WHAT YOU ARE ASKED TO DO
Retyping the entries exactly is all that is required.
━━━━━━━━━━━━━━━━━━━━━━━━━━━━━━
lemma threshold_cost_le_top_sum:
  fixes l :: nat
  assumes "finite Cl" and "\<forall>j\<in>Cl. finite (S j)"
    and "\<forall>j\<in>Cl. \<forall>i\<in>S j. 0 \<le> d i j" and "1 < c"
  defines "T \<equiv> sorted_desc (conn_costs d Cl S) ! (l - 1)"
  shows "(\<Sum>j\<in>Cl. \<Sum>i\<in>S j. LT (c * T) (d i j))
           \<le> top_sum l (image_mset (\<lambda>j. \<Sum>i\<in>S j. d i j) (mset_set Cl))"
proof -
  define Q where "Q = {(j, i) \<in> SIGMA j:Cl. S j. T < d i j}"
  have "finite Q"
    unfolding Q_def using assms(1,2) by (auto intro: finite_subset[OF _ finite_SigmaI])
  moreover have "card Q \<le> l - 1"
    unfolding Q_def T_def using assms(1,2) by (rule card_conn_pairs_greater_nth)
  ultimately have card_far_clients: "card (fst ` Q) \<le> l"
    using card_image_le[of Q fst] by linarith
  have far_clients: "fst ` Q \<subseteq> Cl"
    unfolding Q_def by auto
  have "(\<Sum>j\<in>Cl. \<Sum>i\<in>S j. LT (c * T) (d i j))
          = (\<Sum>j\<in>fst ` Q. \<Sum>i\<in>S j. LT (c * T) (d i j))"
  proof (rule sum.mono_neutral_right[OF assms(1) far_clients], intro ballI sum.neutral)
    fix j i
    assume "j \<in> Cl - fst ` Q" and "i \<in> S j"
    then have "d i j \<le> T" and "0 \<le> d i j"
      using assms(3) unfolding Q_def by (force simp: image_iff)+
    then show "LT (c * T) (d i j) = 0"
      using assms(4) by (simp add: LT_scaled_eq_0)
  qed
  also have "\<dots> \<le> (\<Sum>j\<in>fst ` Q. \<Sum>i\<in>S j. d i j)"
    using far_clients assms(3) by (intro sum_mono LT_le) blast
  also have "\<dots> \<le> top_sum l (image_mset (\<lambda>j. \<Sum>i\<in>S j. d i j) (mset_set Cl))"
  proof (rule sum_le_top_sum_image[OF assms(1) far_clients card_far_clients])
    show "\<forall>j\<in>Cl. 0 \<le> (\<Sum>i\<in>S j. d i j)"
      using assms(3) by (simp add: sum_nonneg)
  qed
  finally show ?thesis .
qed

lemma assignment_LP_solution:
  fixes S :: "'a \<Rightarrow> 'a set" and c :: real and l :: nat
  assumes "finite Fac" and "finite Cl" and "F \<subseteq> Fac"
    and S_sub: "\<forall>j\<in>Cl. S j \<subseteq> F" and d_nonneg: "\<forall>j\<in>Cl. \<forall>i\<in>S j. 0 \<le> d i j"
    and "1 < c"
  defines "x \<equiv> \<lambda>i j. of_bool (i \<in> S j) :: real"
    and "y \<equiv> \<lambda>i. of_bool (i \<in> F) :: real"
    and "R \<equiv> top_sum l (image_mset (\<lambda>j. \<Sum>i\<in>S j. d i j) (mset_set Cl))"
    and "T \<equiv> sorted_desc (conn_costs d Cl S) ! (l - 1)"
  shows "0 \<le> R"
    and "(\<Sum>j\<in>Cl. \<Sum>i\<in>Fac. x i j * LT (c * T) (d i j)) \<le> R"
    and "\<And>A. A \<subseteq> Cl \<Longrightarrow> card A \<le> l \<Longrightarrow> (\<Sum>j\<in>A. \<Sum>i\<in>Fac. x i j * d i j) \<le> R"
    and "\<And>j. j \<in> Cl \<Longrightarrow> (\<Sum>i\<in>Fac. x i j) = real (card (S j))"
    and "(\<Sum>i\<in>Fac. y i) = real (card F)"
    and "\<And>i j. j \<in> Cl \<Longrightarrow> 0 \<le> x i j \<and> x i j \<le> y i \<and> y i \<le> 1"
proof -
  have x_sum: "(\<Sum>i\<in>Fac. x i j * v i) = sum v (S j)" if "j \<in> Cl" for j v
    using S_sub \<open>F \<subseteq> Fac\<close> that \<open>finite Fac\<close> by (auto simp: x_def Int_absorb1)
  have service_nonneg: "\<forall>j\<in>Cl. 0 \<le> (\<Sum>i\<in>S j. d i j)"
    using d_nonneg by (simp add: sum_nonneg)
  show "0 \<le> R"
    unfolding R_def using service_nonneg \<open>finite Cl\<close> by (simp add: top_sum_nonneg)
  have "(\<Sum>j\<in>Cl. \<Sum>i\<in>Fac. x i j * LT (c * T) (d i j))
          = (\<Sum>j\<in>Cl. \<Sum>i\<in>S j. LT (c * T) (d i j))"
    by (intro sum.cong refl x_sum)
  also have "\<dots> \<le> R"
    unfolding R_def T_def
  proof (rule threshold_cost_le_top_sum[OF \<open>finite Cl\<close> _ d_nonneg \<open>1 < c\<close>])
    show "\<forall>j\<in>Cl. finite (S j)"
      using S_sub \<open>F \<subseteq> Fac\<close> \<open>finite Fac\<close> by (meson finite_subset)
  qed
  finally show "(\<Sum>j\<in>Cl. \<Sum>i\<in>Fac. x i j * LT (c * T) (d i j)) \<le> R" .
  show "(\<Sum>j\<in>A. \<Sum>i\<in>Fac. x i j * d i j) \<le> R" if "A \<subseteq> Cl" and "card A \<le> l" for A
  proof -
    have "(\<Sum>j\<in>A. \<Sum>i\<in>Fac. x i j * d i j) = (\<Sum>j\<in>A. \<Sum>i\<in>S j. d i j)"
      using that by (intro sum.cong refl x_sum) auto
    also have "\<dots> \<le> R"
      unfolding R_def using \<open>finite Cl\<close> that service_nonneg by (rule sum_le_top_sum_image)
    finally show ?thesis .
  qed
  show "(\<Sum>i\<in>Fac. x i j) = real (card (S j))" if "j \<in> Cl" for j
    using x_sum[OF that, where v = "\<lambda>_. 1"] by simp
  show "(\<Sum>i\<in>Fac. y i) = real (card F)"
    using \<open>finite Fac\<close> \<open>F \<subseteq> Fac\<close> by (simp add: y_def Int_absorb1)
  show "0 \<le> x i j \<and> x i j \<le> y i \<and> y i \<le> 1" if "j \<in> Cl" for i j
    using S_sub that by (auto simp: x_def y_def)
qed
━━━━━━━━━━━━━━━━━━━━━━━━━━━━━━
YOUR SOLUTION
lemma threshold_cost_le_top_sum:
  fixes l :: nat
  assumes "finite Cl" and "\<forall>j\<in>Cl. finite (S j)"
    and "\<forall>j\<in>Cl. \<forall>i\<in>S j. 0 \<le> d i j" and "1 < c"
  defines "T \<equiv> sorted_desc (conn_costs d Cl S) ! (l - 1)"
  shows "(\<Sum>j\<in>Cl. \<Sum>i\<in>S j. LT (c * T) (d i j))
           \<le> top_sum l (image_mset (\<lambda>j. \<Sum>i\<in>S j. d i j) (mset_set Cl))"
proof -
  define Q where "Q = {(j, i) \<in> SIGMA j:Cl. S j. T < d i j}"
  have "finite Q"
    unfolding Q_def using assms(1,2) by (auto intro: finite_subset[OF _ finite_SigmaI])
  moreover have "card Q \<le> l - 1"
    unfolding Q_def T_def using assms(1,2) by (rule card_conn_pairs_greater_nth)
  ultimately have card_far_clients: "card (fst ` Q) \<le> l"
    using card_image_le[of Q fst] by linarith
  have far_clients: "fst ` Q \<subseteq> Cl"
    unfolding Q_def by auto
  have "(\<Sum>j\<in>Cl. \<Sum>i\<in>S j. LT (c * T) (d i j))
          = (\<Sum>j\<in>fst ` Q. \<Sum>i\<in>S j. LT (c * T) (d i j))"
  proof (rule sum.mono_neutral_right[OF assms(1) far_clients], intro ballI sum.neutral)
    fix j i
    assume "j \<in> Cl - fst ` Q" and "i \<in> S j"
    then have "d i j \<le> T" and "0 \<le> d i j"
      using assms(3) unfolding Q_def by (force simp: image_iff)+
    then show "LT (c * T) (d i j) = 0"
      using assms(4) by (simp add: LT_scaled_eq_0)
  qed
  also have "\<dots> \<le> (\<Sum>j\<in>fst ` Q. \<Sum>i\<in>S j. d i j)"
    using far_clients assms(3) by (intro sum_mono LT_le) blast
  also have "\<dots> \<le> top_sum l (image_mset (\<lambda>j. \<Sum>i\<in>S j. d i j) (mset_set Cl))"
  proof (rule sum_le_top_sum_image[OF assms(1) far_clients card_far_clients])
    show "\<forall>j\<in>Cl. 0 \<le> (\<Sum>i\<in>S j. d i j)"
      using assms(3) by (simp add: sum_nonneg)
  qed
  finally show ?thesis .
qed

lemma assignment_LP_solution:
  fixes S :: "'a \<Rightarrow> 'a set" and c :: real and l :: nat
  assumes "finite Fac" and "finite Cl" and "F \<subseteq> Fac"
    and S_sub: "\<forall>j\<in>Cl. S j \<subseteq> F" and d_nonneg: "\<forall>j\<in>Cl. \<forall>i\<in>S j. 0 \<le> d i j"
    and "1 < c"
  defines "x \<equiv> \<lambda>i j. of_bool (i \<in> S j) :: real"
    and "y \<equiv> \<lambda>i. of_bool (i \<in> F) :: real"
    and "R \<equiv> top_sum l (image_mset (\<lambda>j. \<Sum>i\<in>S j. d i j) (mset_set Cl))"
    and "T \<equiv> sorted_desc (conn_costs d Cl S) ! (l - 1)"
  shows "0 \<le> R"
    and "(\<Sum>j\<in>Cl. \<Sum>i\<in>Fac. x i j * LT (c * T) (d i j)) \<le> R"
    and "\<And>A. A \<subseteq> Cl \<Longrightarrow> card A \<le> l \<Longrightarrow> (\<Sum>j\<in>A. \<Sum>i\<in>Fac. x i j * d i j) \<le> R"
    and "\<And>j. j \<in> Cl \<Longrightarrow> (\<Sum>i\<in>Fac. x i j) = real (card (S j))"
    and "(\<Sum>i\<in>Fac. y i) = real (card F)"
    and "\<And>i j. j \<in> Cl \<Longrightarrow> 0 \<le> x i j \<and> x i j \<le> y i \<and> y i \<le> 1"
proof -
  have x_sum: "(\<Sum>i\<in>Fac. x i j * v i) = sum v (S j)" if "j \<in> Cl" for j v
    using S_sub \<open>F \<subseteq> Fac\<close> that \<open>finite Fac\<close> by (auto simp: x_def Int_absorb1)
  have service_nonneg: "\<forall>j\<in>Cl. 0 \<le> (\<Sum>i\<in>S j. d i j)"
    using d_nonneg by (simp add: sum_nonneg)
  show "0 \<le> R"
    unfolding R_def using service_nonneg \<open>finite Cl\<close> by (simp add: top_sum_nonneg)
  have "(\<Sum>j\<in>Cl. \<Sum>i\<in>Fac. x i j * LT (c * T) (d i j))
          = (\<Sum>j\<in>Cl. \<Sum>i\<in>S j. LT (c * T) (d i j))"
    by (intro sum.cong refl x_sum)
  also have "\<dots> \<le> R"
    unfolding R_def T_def
  proof (rule threshold_cost_le_top_sum[OF \<open>finite Cl\<close> _ d_nonneg \<open>1 < c\<close>])
    show "\<forall>j\<in>Cl. finite (S j)"
      using S_sub \<open>F \<subseteq> Fac\<close> \<open>finite Fac\<close> by (meson finite_subset)
  qed
  finally show "(\<Sum>j\<in>Cl. \<Sum>i\<in>Fac. x i j * LT (c * T) (d i j)) \<le> R" .
  show "(\<Sum>j\<in>A. \<Sum>i\<in>Fac. x i j * d i j) \<le> R" if "A \<subseteq> Cl" and "card A \<le> l" for A
  proof -
    have "(\<Sum>j\<in>A. \<Sum>i\<in>Fac. x i j * d i j) = (\<Sum>j\<in>A. \<Sum>i\<in>S j. d i j)"
      using that by (intro sum.cong refl x_sum) auto
    also have "\<dots> \<le> R"
      unfolding R_def using \<open>finite Cl\<close> that service_nonneg by (rule sum_le_top_sum_image)
    finally show ?thesis .
  qed
  show "(\<Sum>i\<in>Fac. x i j) = real (card (S j))" if "j \<in> Cl" for j
    using x_sum[OF that, where v = "\<lambda>_. 1"] by simp
  show "(\<Sum>i\<in>Fac. y i) = real (card F)"
    using \<open>finite Fac\<close> \<open>F \<subseteq> Fac\<close> by (simp add: y_def Int_absorb1)
  show "0 \<le> x i j \<and> x i j \<le> y i \<and> y i \<le> 1" if "j \<in> Cl" for i j
    using S_sub that by (auto simp: x_def y_def)
qed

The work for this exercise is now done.